▶ [Work request]: Once the line containing "imports Defs" is found in the entries below, reproduce it and every line after it, stopping at and including the line containing "S)) = (\<Sum>j\<in>C."; reproduce nothing else, and keep each line exact.

▶ [Records supplied]:
********************

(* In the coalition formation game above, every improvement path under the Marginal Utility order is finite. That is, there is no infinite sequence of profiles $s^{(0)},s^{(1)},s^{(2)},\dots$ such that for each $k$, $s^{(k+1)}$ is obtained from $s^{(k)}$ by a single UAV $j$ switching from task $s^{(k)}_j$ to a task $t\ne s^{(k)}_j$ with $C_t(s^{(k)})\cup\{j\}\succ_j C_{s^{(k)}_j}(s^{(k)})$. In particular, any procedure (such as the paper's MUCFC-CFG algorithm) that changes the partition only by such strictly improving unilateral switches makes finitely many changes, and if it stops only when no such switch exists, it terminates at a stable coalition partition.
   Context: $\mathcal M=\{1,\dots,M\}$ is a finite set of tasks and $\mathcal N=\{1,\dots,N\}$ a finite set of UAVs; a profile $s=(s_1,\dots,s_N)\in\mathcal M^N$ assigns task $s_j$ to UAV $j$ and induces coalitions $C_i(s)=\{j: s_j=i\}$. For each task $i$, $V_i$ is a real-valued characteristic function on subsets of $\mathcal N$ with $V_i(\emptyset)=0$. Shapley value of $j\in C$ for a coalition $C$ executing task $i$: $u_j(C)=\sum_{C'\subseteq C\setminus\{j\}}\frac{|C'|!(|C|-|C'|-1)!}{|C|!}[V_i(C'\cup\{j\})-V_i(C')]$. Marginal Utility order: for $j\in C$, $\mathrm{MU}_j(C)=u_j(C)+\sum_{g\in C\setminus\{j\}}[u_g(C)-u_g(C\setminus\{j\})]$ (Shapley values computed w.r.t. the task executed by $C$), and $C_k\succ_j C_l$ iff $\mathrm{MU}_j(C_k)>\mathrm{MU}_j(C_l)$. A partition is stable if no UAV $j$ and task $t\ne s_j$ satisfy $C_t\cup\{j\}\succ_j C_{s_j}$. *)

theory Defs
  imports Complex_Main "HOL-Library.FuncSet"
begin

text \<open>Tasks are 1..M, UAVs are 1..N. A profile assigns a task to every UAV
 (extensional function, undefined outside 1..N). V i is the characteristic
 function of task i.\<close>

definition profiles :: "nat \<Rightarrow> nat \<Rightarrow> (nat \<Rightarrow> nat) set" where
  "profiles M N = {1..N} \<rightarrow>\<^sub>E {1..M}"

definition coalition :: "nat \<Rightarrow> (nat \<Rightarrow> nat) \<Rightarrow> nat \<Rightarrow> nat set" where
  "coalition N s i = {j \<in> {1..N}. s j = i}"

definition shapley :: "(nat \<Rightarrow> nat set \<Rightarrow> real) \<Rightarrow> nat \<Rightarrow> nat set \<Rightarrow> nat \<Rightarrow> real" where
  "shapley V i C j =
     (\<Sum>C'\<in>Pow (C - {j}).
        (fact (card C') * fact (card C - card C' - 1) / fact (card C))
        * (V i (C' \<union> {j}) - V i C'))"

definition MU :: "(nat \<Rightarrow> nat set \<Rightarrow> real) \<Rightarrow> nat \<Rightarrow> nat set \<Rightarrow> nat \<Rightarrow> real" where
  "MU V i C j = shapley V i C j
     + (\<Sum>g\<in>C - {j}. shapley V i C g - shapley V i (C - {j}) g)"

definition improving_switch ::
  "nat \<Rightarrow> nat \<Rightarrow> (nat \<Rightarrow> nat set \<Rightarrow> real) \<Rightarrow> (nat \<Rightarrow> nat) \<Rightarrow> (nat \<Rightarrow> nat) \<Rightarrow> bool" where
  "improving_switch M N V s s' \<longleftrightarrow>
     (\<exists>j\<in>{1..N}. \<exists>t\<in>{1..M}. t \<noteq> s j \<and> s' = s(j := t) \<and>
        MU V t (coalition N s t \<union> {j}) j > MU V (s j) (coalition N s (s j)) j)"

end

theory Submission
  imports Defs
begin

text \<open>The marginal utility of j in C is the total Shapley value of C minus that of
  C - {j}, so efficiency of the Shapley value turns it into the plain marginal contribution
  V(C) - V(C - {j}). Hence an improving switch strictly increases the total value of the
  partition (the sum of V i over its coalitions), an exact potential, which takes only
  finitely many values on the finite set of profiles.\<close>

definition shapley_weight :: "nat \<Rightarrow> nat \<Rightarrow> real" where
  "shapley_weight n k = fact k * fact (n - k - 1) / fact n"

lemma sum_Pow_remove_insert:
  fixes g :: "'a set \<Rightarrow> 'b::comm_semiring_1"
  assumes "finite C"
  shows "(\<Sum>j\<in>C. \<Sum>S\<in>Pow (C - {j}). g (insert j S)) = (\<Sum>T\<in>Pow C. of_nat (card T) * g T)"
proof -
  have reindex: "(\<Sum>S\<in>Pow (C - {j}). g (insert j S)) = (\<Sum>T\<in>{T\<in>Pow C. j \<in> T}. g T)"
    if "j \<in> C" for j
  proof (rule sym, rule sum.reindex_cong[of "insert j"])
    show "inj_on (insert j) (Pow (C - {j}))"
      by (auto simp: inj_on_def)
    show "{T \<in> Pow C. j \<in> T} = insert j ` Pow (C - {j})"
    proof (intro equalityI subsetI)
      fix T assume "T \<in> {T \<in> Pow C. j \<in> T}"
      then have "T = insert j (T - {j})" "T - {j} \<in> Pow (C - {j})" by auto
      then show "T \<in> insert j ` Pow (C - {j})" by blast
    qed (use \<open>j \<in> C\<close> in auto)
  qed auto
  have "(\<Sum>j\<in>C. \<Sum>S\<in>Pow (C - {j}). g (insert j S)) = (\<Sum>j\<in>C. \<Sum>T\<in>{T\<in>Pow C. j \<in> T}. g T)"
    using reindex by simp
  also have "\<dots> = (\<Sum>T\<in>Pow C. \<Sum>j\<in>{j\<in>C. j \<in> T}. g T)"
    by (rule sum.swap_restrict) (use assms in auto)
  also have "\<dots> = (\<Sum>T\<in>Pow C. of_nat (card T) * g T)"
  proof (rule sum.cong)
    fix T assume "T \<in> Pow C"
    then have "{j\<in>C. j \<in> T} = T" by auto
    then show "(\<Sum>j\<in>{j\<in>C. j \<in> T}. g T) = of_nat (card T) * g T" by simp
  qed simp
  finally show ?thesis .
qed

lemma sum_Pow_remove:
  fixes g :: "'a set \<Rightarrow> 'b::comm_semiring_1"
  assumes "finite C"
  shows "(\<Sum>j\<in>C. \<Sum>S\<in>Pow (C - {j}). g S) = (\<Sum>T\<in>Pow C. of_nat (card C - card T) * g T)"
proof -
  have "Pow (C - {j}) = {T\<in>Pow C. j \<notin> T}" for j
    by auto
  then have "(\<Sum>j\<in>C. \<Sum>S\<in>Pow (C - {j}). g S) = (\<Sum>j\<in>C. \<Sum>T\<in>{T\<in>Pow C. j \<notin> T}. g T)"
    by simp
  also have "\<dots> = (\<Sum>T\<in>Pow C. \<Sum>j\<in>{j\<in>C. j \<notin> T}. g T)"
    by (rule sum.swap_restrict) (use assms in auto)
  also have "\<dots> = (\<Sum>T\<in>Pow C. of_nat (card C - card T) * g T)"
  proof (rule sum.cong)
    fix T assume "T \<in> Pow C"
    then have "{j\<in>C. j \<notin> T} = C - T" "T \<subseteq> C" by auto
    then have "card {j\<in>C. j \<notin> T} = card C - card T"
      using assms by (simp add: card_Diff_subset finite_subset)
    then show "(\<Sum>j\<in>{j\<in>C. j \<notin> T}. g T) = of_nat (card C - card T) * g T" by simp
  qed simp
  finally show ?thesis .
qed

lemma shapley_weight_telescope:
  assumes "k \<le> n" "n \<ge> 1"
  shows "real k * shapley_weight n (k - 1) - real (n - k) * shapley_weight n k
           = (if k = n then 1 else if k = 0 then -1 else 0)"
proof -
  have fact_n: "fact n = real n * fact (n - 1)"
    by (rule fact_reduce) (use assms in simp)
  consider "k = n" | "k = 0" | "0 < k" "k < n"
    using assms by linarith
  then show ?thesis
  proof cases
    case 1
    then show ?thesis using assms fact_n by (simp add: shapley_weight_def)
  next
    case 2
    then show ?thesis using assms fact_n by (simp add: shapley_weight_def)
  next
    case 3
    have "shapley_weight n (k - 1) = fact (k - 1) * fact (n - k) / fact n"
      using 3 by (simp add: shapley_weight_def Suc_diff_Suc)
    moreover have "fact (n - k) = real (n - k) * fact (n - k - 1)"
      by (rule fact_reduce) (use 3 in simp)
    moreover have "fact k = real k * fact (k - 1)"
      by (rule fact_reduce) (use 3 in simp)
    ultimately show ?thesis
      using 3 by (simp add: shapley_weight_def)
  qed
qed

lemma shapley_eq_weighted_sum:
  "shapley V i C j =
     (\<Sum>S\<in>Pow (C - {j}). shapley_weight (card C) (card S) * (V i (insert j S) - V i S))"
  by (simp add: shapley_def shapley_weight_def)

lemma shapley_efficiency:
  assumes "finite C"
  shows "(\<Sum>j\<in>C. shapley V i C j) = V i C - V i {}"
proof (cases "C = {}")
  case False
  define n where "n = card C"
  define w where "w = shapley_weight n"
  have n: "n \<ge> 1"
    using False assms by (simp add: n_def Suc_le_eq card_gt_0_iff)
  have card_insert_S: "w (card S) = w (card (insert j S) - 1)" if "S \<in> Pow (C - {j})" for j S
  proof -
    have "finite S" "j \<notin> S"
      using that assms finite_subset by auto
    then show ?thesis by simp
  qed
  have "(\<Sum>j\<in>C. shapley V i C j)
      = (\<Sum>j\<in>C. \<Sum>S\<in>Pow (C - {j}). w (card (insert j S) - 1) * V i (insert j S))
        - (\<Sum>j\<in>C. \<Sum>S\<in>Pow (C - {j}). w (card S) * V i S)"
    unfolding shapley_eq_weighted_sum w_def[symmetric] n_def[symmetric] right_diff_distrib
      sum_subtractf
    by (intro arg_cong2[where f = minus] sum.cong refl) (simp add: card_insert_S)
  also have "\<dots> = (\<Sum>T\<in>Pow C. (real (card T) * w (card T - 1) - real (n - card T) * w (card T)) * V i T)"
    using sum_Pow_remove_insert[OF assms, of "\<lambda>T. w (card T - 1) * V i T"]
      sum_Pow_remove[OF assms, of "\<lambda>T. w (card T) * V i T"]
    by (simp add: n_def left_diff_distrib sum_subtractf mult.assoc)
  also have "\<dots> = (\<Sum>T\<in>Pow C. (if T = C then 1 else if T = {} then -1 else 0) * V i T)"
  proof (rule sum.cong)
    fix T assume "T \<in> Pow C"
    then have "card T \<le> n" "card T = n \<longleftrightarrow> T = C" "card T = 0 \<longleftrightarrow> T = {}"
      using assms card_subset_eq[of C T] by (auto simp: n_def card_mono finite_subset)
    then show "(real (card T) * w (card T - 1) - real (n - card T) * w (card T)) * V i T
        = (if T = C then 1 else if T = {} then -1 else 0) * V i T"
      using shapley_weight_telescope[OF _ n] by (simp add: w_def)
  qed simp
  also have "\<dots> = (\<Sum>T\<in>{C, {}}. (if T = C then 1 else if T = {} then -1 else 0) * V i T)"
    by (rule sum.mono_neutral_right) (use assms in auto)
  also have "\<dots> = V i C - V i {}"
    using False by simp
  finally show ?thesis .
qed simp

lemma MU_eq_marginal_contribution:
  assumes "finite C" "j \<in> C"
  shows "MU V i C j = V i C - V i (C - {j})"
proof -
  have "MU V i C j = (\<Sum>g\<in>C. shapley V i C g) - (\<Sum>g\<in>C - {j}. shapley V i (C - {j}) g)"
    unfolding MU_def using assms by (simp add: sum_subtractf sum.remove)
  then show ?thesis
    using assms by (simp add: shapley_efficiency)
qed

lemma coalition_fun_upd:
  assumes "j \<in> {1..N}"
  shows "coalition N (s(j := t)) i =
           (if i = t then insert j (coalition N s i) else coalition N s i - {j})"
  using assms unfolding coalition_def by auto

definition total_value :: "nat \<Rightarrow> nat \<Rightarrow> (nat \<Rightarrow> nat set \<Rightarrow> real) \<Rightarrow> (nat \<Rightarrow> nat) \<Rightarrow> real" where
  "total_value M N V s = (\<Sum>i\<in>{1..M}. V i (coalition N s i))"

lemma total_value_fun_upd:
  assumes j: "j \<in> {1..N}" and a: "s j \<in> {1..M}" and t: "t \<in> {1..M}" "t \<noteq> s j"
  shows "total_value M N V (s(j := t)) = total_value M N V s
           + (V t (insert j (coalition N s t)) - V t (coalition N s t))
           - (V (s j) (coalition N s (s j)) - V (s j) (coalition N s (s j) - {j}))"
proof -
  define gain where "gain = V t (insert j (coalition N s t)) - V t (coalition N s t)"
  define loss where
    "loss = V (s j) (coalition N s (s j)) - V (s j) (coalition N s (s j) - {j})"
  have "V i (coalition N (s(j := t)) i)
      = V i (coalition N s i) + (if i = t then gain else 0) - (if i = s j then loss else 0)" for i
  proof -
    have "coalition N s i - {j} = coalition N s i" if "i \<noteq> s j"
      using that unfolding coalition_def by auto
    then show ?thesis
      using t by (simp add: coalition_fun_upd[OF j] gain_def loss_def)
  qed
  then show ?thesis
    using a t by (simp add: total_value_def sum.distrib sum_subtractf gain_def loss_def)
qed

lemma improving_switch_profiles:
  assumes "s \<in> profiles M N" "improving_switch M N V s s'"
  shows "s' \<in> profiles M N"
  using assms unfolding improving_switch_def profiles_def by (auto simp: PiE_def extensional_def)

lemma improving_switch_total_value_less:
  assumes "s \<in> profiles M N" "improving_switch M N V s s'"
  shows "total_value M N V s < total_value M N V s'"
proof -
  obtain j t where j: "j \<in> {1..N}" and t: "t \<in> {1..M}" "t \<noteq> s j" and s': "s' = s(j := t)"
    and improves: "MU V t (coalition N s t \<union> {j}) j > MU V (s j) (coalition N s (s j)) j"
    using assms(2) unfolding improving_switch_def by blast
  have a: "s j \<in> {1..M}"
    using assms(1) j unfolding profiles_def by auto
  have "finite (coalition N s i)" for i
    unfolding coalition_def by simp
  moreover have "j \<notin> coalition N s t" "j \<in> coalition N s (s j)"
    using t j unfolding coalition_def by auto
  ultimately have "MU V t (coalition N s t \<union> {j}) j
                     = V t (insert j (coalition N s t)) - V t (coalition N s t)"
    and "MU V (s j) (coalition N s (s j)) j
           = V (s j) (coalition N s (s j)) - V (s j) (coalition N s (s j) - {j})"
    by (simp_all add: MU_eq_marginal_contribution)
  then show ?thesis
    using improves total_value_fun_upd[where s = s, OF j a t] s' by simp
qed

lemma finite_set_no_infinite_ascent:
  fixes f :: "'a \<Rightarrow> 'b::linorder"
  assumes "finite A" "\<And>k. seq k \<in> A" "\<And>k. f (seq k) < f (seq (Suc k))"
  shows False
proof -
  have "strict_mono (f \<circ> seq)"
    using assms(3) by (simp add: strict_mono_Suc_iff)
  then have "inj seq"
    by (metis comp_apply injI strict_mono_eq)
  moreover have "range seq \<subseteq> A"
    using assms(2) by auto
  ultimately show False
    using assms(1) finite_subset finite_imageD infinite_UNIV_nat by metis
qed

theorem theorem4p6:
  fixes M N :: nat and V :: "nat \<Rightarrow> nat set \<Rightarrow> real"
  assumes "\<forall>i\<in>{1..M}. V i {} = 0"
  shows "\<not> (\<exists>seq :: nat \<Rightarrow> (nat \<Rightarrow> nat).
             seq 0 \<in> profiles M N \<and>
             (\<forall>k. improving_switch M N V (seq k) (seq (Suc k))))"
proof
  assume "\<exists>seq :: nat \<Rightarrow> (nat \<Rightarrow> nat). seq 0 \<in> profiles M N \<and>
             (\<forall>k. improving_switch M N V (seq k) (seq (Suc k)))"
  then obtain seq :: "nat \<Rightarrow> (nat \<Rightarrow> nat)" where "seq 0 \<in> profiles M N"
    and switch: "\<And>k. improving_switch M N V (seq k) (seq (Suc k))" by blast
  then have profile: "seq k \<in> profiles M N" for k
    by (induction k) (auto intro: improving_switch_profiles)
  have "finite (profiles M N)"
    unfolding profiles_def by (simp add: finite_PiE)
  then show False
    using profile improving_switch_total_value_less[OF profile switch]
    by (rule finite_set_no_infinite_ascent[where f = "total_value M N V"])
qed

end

********************

▶ [Solution]:
  imports Defs
begin

text \<open>The marginal utility of j in C is the total Shapley value of C minus that of
  C - {j}, so efficiency of the Shapley value turns it into the plain marginal contribution
  V(C) - V(C - {j}). Hence an improving switch strictly increases the total value of the
  partition (the sum of V i over its coalitions), an exact potential, which takes only
  finitely many values on the finite set of profiles.\<close>

definition shapley_weight :: "nat \<Rightarrow> nat \<Rightarrow> real" where
  "shapley_weight n k = fact k * fact (n - k - 1) / fact n"

lemma sum_Pow_remove_insert:
  fixes g :: "'a set \<Rightarrow> 'b::comm_semiring_1"
  assumes "finite C"
  shows "(\<Sum>j\<in>C. \<Sum>S\<in>Pow (C - {j}). g (insert j S)) = (\<Sum>T\<in>Pow C. of_nat (card T) * g T)"
proof -
  have reindex: "(\<Sum>S\<in>Pow (C - {j}). g (insert j S)) = (\<Sum>T\<in>{T\<in>Pow C. j \<in> T}. g T)"
    if "j \<in> C" for j
  proof (rule sym, rule sum.reindex_cong[of "insert j"])
    show "inj_on (insert j) (Pow (C - {j}))"
      by (auto simp: inj_on_def)
    show "{T \<in> Pow C. j \<in> T} = insert j ` Pow (C - {j})"
    proof (intro equalityI subsetI)
      fix T assume "T \<in> {T \<in> Pow C. j \<in> T}"
      then have "T = insert j (T - {j})" "T - {j} \<in> Pow (C - {j})" by auto
      then show "T \<in> insert j ` Pow (C - {j})" by blast
    qed (use \<open>j \<in> C\<close> in auto)
  qed auto
  have "(\<Sum>j\<in>C. \<Sum>S\<in>Pow (C - {j}). g (insert j S)) = (\<Sum>j\<in>C. \<Sum>T\<in>{T\<in>Pow C. j \<in> T}. g T)"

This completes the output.